張秋不知道自己是作何心情回家去的,他手裏拿著沈甸甸的打印出來的劇本,幹脆還是藏起來算了,如果讓宋墨萊看見肯定要生氣。

他可哄不好。

宋墨萊在家裏一邊吃著張秋給他買的零嘴,是一些幹果和鍋巴,他一邊嘎巴嘎巴嚼著,一邊想著他和張秋的關系。

那種微妙暧昧又隔著一層紗的關系。

他能夠感覺得到,張秋是喜歡他的,但是他不知道那喜歡是來源於哪裏,是突如其來又很放蕩的他撩撥住了他的心弦,還是日久生情?

宋墨萊不是一個喜歡回避感情的人,他對自己的情感有過非常清楚的認知,他不會欺騙自己。

他也很明白自己的內心,他算是有些喜歡張秋。

知道自己喜歡張秋後,宋墨萊在心裏一遍又一遍地問自己為什麽喜歡他,他思考了很久,終於想到了答案。

他喜歡張秋的原因是張秋給了他一股前所未有的生存體驗以及彌補的機會——彌補以前沒有做過的事情,再做一遍會出現什麽結果的第二種結局。

而且毋庸置疑的講,張秋對他很好,就連他的親生母親,都沒有張秋對他一半好。
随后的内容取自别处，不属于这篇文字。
lemma DP_solution_osc_estimate:
  fixes H :: "real^'d \<Rightarrow> real^'d \<Rightarrow> real \<Rightarrow> real" and u :: "real^'d \<Rightarrow> real \<Rightarrow> real"
  assumes I_len: "b - a = 1" and C1: "C1 > 0" and m: "m > 1"
    and B1: "\<And>x p \<xi>. \<xi> \<in> {a..b} \<Longrightarrow> C1 * norm p powr m - C2 \<le> H x p \<xi>"
    and k_cont: "continuous_on ({a..b} \<times> {a..b}) (\<lambda>(\<xi>, \<eta>). k \<xi> \<eta>)"
    and kb: "\<And>\<xi> \<eta>. \<xi> \<in> {a..b} \<Longrightarrow> \<eta> \<in> {a..b} \<Longrightarrow> 0 \<le> k \<xi> \<eta> \<and> k \<xi> \<eta> \<le> k1"
    and sol: "DP_solution a b H k \<alpha> u" and \<alpha>: "0 \<le> \<alpha>" "\<alpha> \<le> 1"
    and E: "\<And>\<xi>. \<xi> \<in> {a..b} \<Longrightarrow> \<bar>\<alpha> * u x0 \<xi> + Theta a b k u x0 \<xi>\<bar> \<le> E"
  obtains Om where "0 \<le> Om"
    "Om \<le> real CARD('d) + real CARD('d) * ((C2 + E) / C1 + ((1 + 2 * k1) / C1) * Om) powr (1/m)"
    "\<And>x \<xi>. \<xi> \<in> {a..b} \<Longrightarrow> \<bar>u x \<xi> - u x0 \<xi>\<bar> \<le> Om"
proof -
  have ab: "a \<le> b" using I_len by simp
  define w where "w = (\<lambda>x \<xi>. u x \<xi> - u x0 \<xi>)"
  have cont: "continuous_on (UNIV \<times> {a..b}) (\<lambda>(x,\<xi>). u x \<xi>)"
    and per: "\<And>\<xi>. Zperiodic (\<lambda>x. u x \<xi>)"
    using sol unfolding DP_solution_def by blast+
  have "continuous_on (UNIV \<times> {a..b}) (\<lambda>p. (\<lambda>(x,\<xi>). u x \<xi>) (x0, snd p))"
    by (rule continuous_on_compose2[OF cont]) (auto intro!: continuous_intros)
  then have wcont: "continuous_on (UNIV \<times> {a..b}) (\<lambda>(x,\<xi>). w x \<xi>)"
    using continuous_on_diff[OF cont] unfolding w_def by (simp add: case_prod_beta)
  have wper: "Zperiodic (\<lambda>x. w x \<xi>)" for \<xi>
    using per[of \<xi>] unfolding Zperiodic_def w_def by simp
  define W where "W = (\<lambda>t. \<bar>t\<bar>) ` (\<lambda>(x,\<xi>). w x \<xi>) ` (UNIV \<times> {a..b})"
  have W: "\<bar>w x \<xi>\<bar> \<in> W" if "\<xi> \<in> {a..b}" for x \<xi> unfolding W_def using that by force
  have "bdd_above W"
    using bounded_image_Zperiodic_cylinder[OF wcont wper]
    unfolding W_def bounded_real bdd_above_def by fastforce
  define Om where "Om = Sup W"
  have wOm: "\<bar>w x \<xi>\<bar> \<le> Om" if "\<xi> \<in> {a..b}" for x \<xi>
    unfolding Om_def by (rule cSup_upper[OF W[OF that] \<open>bdd_above W\<close>])
  have Om0: "0 \<le> Om" using wOm[of a x0] ab unfolding w_def by simp
  define L where "L = ((C2 + E + (1 + 2 * k1) * Om) / C1) powr (1/m)"
  have grad: "norm (D\<phi> xh) \<le> L"
    if "\<xi> \<in> {a..b}" "C1_torus \<phi> D\<phi>" "loc_max (\<lambda>y. w y \<xi> - \<phi> y) xh" for \<xi> \<phi> D\<phi> xh
    unfolding L_def using that wOm Om0
    by (intro DP_solution_touching_grad_bound[OF I_len C1 m B1 k_cont kb sol \<alpha>, of Om])
      (auto simp: w_def E)
  have osc: "w x \<xi> - w y \<xi> \<le> (L + 1) * real CARD('d)" if \<xi>: "\<xi> \<in> {a..b}" for x y \<xi>
    by (rule Zperiodic_osc_le_of_viscosity_grad_bound[OF continuous_on_curry_fst[OF wcont \<xi>] wper])
      (use grad[OF \<xi>] in \<open>auto simp: L_def\<close>)
  have "\<bar>w x \<xi>\<bar> \<le> (L + 1) * real CARD('d)" if "\<xi> \<in> {a..b}" for x \<xi>
    using osc[OF that, of x x0] osc[OF that, of x0 x] unfolding w_def by (simp add: abs_le_iff)
  then have "Om \<le> (L + 1) * real CARD('d)"
    unfolding Om_def W_def using ab by (intro cSup_least) auto
  moreover have "(C2 + E + (1 + 2 * k1) * Om) / C1 = (C2 + E) / C1 + ((1 + 2 * k1) / C1) * Om"
    by (simp add: add_divide_distrib field_simps)
  ultimately show ?thesis
    using that[OF Om0] wOm unfolding L_def w_def by (simp add: algebra_simps)
qed

lemma powr_le_powr_add_linear:
  fixes t T \<beta> :: real
  assumes t: "0 \<le> t" and T: "0 < T" and \<beta>: "0 < \<beta>" "\<beta> < 1"
  shows "t powr \<beta> \<le> T powr \<beta> + T powr (\<beta> - 1) * t"
proof (cases "t \<le> T")
  case True
  then have "t powr \<beta> \<le> T powr \<beta>" using t \<beta> by (intro powr_mono2) auto
  then show ?thesis using t by (simp add: add_increasing2)
next
  case False
  then have "t powr (\<beta> - 1) * t = t powr (\<beta> - 1) * t powr 1" using T by simp
  also have "\<dots> = t powr \<beta>" by (simp only: powr_add[symmetric]) simp
  finally have "t powr \<beta> = t powr (\<beta> - 1) * t" by simp
  also have "\<dots> \<le> T powr (\<beta> - 1) * t"
    using powr_mono2'[of "\<beta> - 1" T t] False T t \<beta> by (intro mult_right_mono) auto
  finally show ?thesis by (simp add: add_increasing)
qed

text \<open>An implicit bound \<open>Om \<le> P + Q (R + S Om)\<^sup>\<beta>\<close> with \<open>\<beta> < 1\<close> gives an explicit one: bound
  the power by its tangent at \<open>T\<close>, chosen so that the linear part is \<open>\<le> Om/2\<close>.\<close>

lemma le_of_le_sublinear:
  fixes Om P Q R S \<beta> :: real
  assumes nn: "0 \<le> P" "0 \<le> Q" "0 \<le> R" "0 \<le> S" and \<beta>: "0 < \<beta>" "\<beta> < 1"
    and Om0: "0 \<le> Om" and ineq: "Om \<le> P + Q * (R + S * Om) powr \<beta>"
  shows "Om \<le> 2 * (P + Q * ((2*Q*S+1) powr (1/(1-\<beta>))) powr \<beta>
                   + Q * ((2*Q*S+1) powr (1/(1-\<beta>))) powr (\<beta> - 1) * R)"
proof -
  define T where "T = (2*Q*S+1) powr (1/(1-\<beta>))"
  have "0 \<le> Q * S" using nn by simp
  then have QS1: "0 < 2*Q*S+1" by simp
  have T0: "0 < T" unfolding T_def using QS1 by simp
  have "T powr (\<beta> - 1) = (2*Q*S+1) powr ((1/(1-\<beta>)) * (\<beta> - 1))" unfolding T_def by (rule powr_powr)
  also have "(1/(1-\<beta>)) * (\<beta> - 1) = -1" using \<beta> by (simp add: field_simps)
  finally have Tb: "T powr (\<beta> - 1) = 1 / (2*Q*S+1)" using QS1 by (simp add: powr_minus_divide)
  have "(R + S * Om) powr \<beta> \<le> T powr \<beta> + T powr (\<beta> - 1) * (R + S * Om)"
    using nn Om0 by (intro powr_le_powr_add_linear[OF _ T0 \<beta>]) simp
  then have "Om \<le> P + Q * (T powr \<beta> + T powr (\<beta> - 1) * (R + S * Om))"
    using ineq nn(2) by (smt (verit) mult_left_mono)
  also have "\<dots> = P + Q * T powr \<beta> + Q * T powr (\<beta> - 1) * R + (Q * S / (2*Q*S+1)) * Om"
    unfolding Tb by (simp add: algebra_simps add_divide_distrib)
  also have "(Q * S / (2*Q*S+1)) * Om \<le> (1/2) * Om"
    using QS1 Om0 by (intro mult_right_mono) (simp_all add: divide_le_eq)
  finally show ?thesis unfolding T_def by simp
qed

lemma uniform_limit_at_right_eventually_bounded:
  fixes f :: "real \<Rightarrow> 'a::topological_space \<Rightarrow> real"
  assumes lim: "uniform_limit S f g (at_right 0)" and S: "compact S"
    and cont: "\<forall>\<alpha>>0. continuous_on S (f \<alpha>)"
  shows "\<exists>\<alpha>0 E. 0 < \<alpha>0 \<and> \<alpha>0 \<le> 1 \<and> 0 \<le> E \<and>
    (\<forall>\<alpha> x. 0 < \<alpha> \<longrightarrow> \<alpha> \<le> \<alpha>0 \<longrightarrow> x \<in> S \<longrightarrow> \<bar>f \<alpha> x\<bar> \<le> E)"
proof -
  have "\<forall>\<^sub>F \<alpha> in at_right 0. \<forall>x\<in>S. dist (f \<alpha> x) (g x) < 1"
    using lim unfolding uniform_limit_iff by simp
  then obtain \<alpha>1 where \<alpha>1: "0 < \<alpha>1" "\<And>\<alpha> x. 0 < \<alpha> \<Longrightarrow> \<alpha> < \<alpha>1 \<Longrightarrow> x \<in> S \<Longrightarrow> \<bar>f \<alpha> x - g x\<bar> < 1"
    unfolding eventually_at_right_field by (auto simp: dist_real_def)
  define \<alpha>0 where "\<alpha>0 = min (\<alpha>1/2) 1"
  have \<alpha>0: "0 < \<alpha>0" "\<alpha>0 < \<alpha>1" "\<alpha>0 \<le> 1" unfolding \<alpha>0_def using \<alpha>1 by auto
  have "bounded (f \<alpha>0 ` S)"
    by (rule compact_imp_bounded[OF compact_continuous_image[OF cont[rule_format, OF \<alpha>0(1)] S]])
  then obtain M where M: "\<And>x. x \<in> S \<Longrightarrow> \<bar>f \<alpha>0 x\<bar> \<le> M" unfolding bounded_iff by auto
  have "\<bar>f \<alpha> x\<bar> \<le> max 0 (M + 2)" if "0 < \<alpha>" "\<alpha> \<le> \<alpha>0" "x \<in> S" for \<alpha> x
  proof -
    have "\<bar>f \<alpha> x - g x\<bar> < 1" using \<alpha>1(2)[OF that(1) _ that(3)] that(2) \<alpha>0(2) by simp
    moreover have "\<bar>f \<alpha>0 x - g x\<bar> < 1" using \<alpha>1(2)[OF \<alpha>0(1,2) that(3)] .
    moreover have "\<bar>f \<alpha>0 x\<bar> \<le> M" using M[OF that(3)] .
    ultimately have "\<bar>f \<alpha> x\<bar> \<le> M + 2" unfolding abs_less_iff abs_le_iff by linarith
    then show ?thesis by simp
  qed
  then show ?thesis using \<alpha>0 by (intro exI[of _ \<alpha>0] exI[of _ "max 0 (M + 2)"]) auto
qed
這取決於張秋內心中最純粹的情感,如果今天站在這裏的不是他,是其他人,張秋一樣會這麽對他好。

他這個人就是這樣,很純粹的一個人,就算他經過社會的捶打以後,也同樣不會長記性。

傻子。

宋墨萊就喜歡這個傻子,比其他和他勾心鬥角的人好太多了。

其實,如果一輩子和張秋留在這裏也好。張秋怕得罪人,他不怕,他就這樣一直護著他。

守著那個紙紮鋪,每天買菜,錢也有了,就這樣子一輩子平平淡淡就好。

去他媽的工作,誰想上班誰上吧!

不過宋墨萊忘了,他並不是一個女人,張秋只是喜歡身為女人的他。如果他以一個全新的身份,以一個男人的身份站到這裏,張秋還會喜歡他嗎?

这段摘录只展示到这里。